PUBCHEM_ACTIVITY_OUTCOME_ASY0 and PUBCHEM_ACTIVITY_OUTCOME_ASY1 refer to the same protein, hence you can substitute the two values with a single value which is the OR between the 2 (considering active=1, inactive=0)
PUBCHEM_ACTIVITY_OUTCOME_ASY2 and PUBCHEM_ACTIVITY_OUTCOME_ASY3 refer to the same protein, so treat them as above.

This will give you the possibility of creating two binary classification tasks, one for each protein.

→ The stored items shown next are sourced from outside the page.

lemma What_minus_c_basis_sum:
  "What lam r s t (\<lambda>n. x n - (\<Sum>i<m. \<beta> i * (if i = 0 then bseq r s t else bk lam r s t (i - 1)) n)) n
    = What lam r s t x n - (if 0 < m then \<beta> 0 else 0) - (if n + 1 < m then \<beta> (Suc n) else 0)"
proof (cases m)
  case (Suc m')
  have "(\<lambda>n. x n - (\<Sum>i<m. \<beta> i * (if i = 0 then bseq r s t else bk lam r s t (i - 1)) n))
      = (\<lambda>n. x n - \<beta> 0 * bseq r s t n - (\<Sum>k<m'. \<beta> (Suc k) * bk lam r s t k n))"
    unfolding Suc sum.lessThan_Suc_shift by (simp add: fun_eq_iff)
  then show ?thesis
    using Suc by (simp only: What_minus_bseq_bk_sum) simp
qed simp

lemma sup_norm_lam_minus_bk_sum:
  "sup_norm_lam lam r s t (\<lambda>n. x n - (\<Sum>k<m. \<beta> k * bk lam r s t k n))
     = (SUP n. norm (What lam r s t x n - (if n < m then \<beta> n else 0)))"
  unfolding sup_norm_lam_def What_minus_bk_sum ..

lemma p_norm_lam_minus_bk_sum:
  "p_norm_lam p lam r s t (\<lambda>n. x n - (\<Sum>k<m. \<beta> k * bk lam r s t k n))
     = (\<Sum>n. norm (What lam r s t x n - (if n < m then \<beta> n else 0)) powr p) powr (1 / p)"
  unfolding p_norm_lam_def What_minus_bk_sum ..

lemma c0_lam_expansion:
  assumes "x \<in> c0_lam lam r s t"
  shows "(\<lambda>m. sup_norm_lam lam r s t
            (\<lambda>n. x n - (\<Sum>k<m. What lam r s t x k * bk lam r s t k n))) \<longlonglongrightarrow> 0"
  unfolding sup_norm_lam_minus_bk_sum diff_truncated_self
  using SUP_norm_truncated_tendsto_zero assms by (simp add: c0_lam_def)
lemma reachable_add:
  assumes "reachable R C D"
  shows "reachable R (C + E) (D + E)"
  using assms unfolding reachable_def
proof (induction rule: rtrancl_induct)
  case (step D D')
  from step.IH step_rel_add[OF step.hyps(2)] show ?case
    by (rule rtrancl_into_rtrancl)
qed simp

lemma reachable_output_mono:
  assumes "output_oblivious R Y" and "reachable R C D"
  shows "C Y \<le> D Y"
  using assms(2) unfolding reachable_def
proof (induction rule: rtrancl_induct)
  case (step D D')
  then obtain rp where "rp \<in> R" and "D' = apply_reaction rp D"
    unfolding step_rel_def by blast
  with assms(1) have "D Y \<le> D' Y"
    unfolding output_oblivious_def apply_reaction_def by simp
  with step.IH show ?case by simp
qed simp

text \<open>Every run from \<open>C\<close> can be replayed from \<open>C'\<close>, carrying the surplus \<open>C' - C\<close> along
  untouched.\<close>

lemma stable_le:
  assumes "stable R Y C'" and "C \<le> C'"
  shows "stable R Y C"
  unfolding stable_def
proof (intro allI impI)
  fix D
  assume "reachable R C D"
  then have "reachable R (C + (C' - C)) (D + (C' - C))"
    by (rule reachable_add)
  moreover have "C + (C' - C) = C'"
  proof
    fix s
    have "C s \<le> C' s"
      using assms(2) by (rule le_funD)
    then show "(C + (C' - C)) s = C' s"
      by simp
  qed
  ultimately have "reachable R C' (D + (C' - C))"
    by simp
  then have "(D + (C' - C)) Y = C' Y"
    using assms(1) unfolding stable_def by blast
  then have "D Y + (C' Y - C Y) = C' Y"
    by simp
  moreover have "C Y \<le> C' Y"
    using assms(2) by (rule le_funD)
  ultimately show "D Y = C Y"
    by simp
qed

lemma reachable_support:
  assumes "valid_crn S R X Y L" and "reachable R (init_config X L x) C" and "s \<notin> S"
  shows "C s = 0"
  using assms(2) unfolding reachable_def
proof (induction rule: rtrancl_induct)
  case base
  then show ?case
    using assms(1,3) unfolding valid_crn_def init_config_def by auto
next
  case (step D D')
  then obtain r p where "(r, p) \<in> R" and D': "D' = apply_reaction (r, p) D"
    unfolding step_rel_def by auto
  then have "r s = 0" and "p s = 0"
    using assms(1,3) unfolding valid_crn_def by auto
  with step.IH show ?case
    unfolding D' apply_reaction_def by simp
qed

lemma init_config_add:
  assumes "X \<noteq> L"
  shows "init_config X L (x + m) = init_config X L x + (0 :: config)(X := m)"
  using assms unfolding init_config_def by (auto simp: fun_eq_iff)

section \<open>Output-oblivious CRNs compute eventually quasilinear functions\<close>

locale oblivious_crn =
  fixes S :: "nat set" and R :: "reaction set" and X Y L :: nat and f :: "nat \<Rightarrow> nat"
  assumes valid: "valid_crn S R X Y L"
    and oblivious: "output_oblivious R Y"
    and computes: "stably_computes R X Y L f"
begin

lemma X_ne_L: "X \<noteq> L" and X_ne_Y: "X \<noteq> Y" and finite_species: "finite S"
  using valid unfolding valid_crn_def by auto

abbreviation inputs :: "nat \<Rightarrow> config" where
  "inputs m \<equiv> (0 :: config)(X := m)"

lemma output_le:
  assumes "reachable R (init_config X L x) C"
  shows "C Y \<le> f x"
proof -
  obtain Z where Z: "reachable R C Z" and "Z Y = f x"
    using computes assms unfolding stably_computes_def by blast
  with reachable_output_mono[OF oblivious Z] show ?thesis
    by simp
qed

lemma stable_output:
  assumes "reachable R (init_config X L x) C" and "stable R Y C"
  shows "C Y = f x"
proof -
  obtain Z where "reachable R C Z" and "Z Y = f x"
    using computes assms(1) unfolding stably_computes_def by blast
  with assms(2) show ?thesis
    unfolding stable_def by simp
qed

definition stabilize :: "config \<Rightarrow> config" where
  "stabilize C = (SOME Z. reachable R C Z \<and> stable R Y Z)"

There are many targets for which activity is not available (n/a), while the number of molecules being active on at least one of the proteins is low. Therefore I strongly suggest that you subsample the full dataset, by taking all molecules which are active plus a subset of molecules which are not active (using a number of samples which no more than 5 times that of active molecules). Discard those molecules which have only n/a targets.

Once you have created your dataset apply any reasonable neural network to learn the classifier (on one or both the tasks). For instance, you can consider, gated recurrent network, 1D convolutional neural networks (e.g. those introduced in the lecture to deal with DNA sequences), etc. Provide results in training, validation and test (up to you to decide splits and validation procedure).

Since the predictive task deals with unbalanced binary classification, I strongly suggest using AUC as an evaluation metric. Also, feel free to experiment with any approach for strengthening unbalanced classification, e.g. Weighted cross entropy.

Please note that in order to feed the neural network with the SMILES strings in input, you will need to encode the SMILES characters (brackets included) with an appropriate numerical encoding.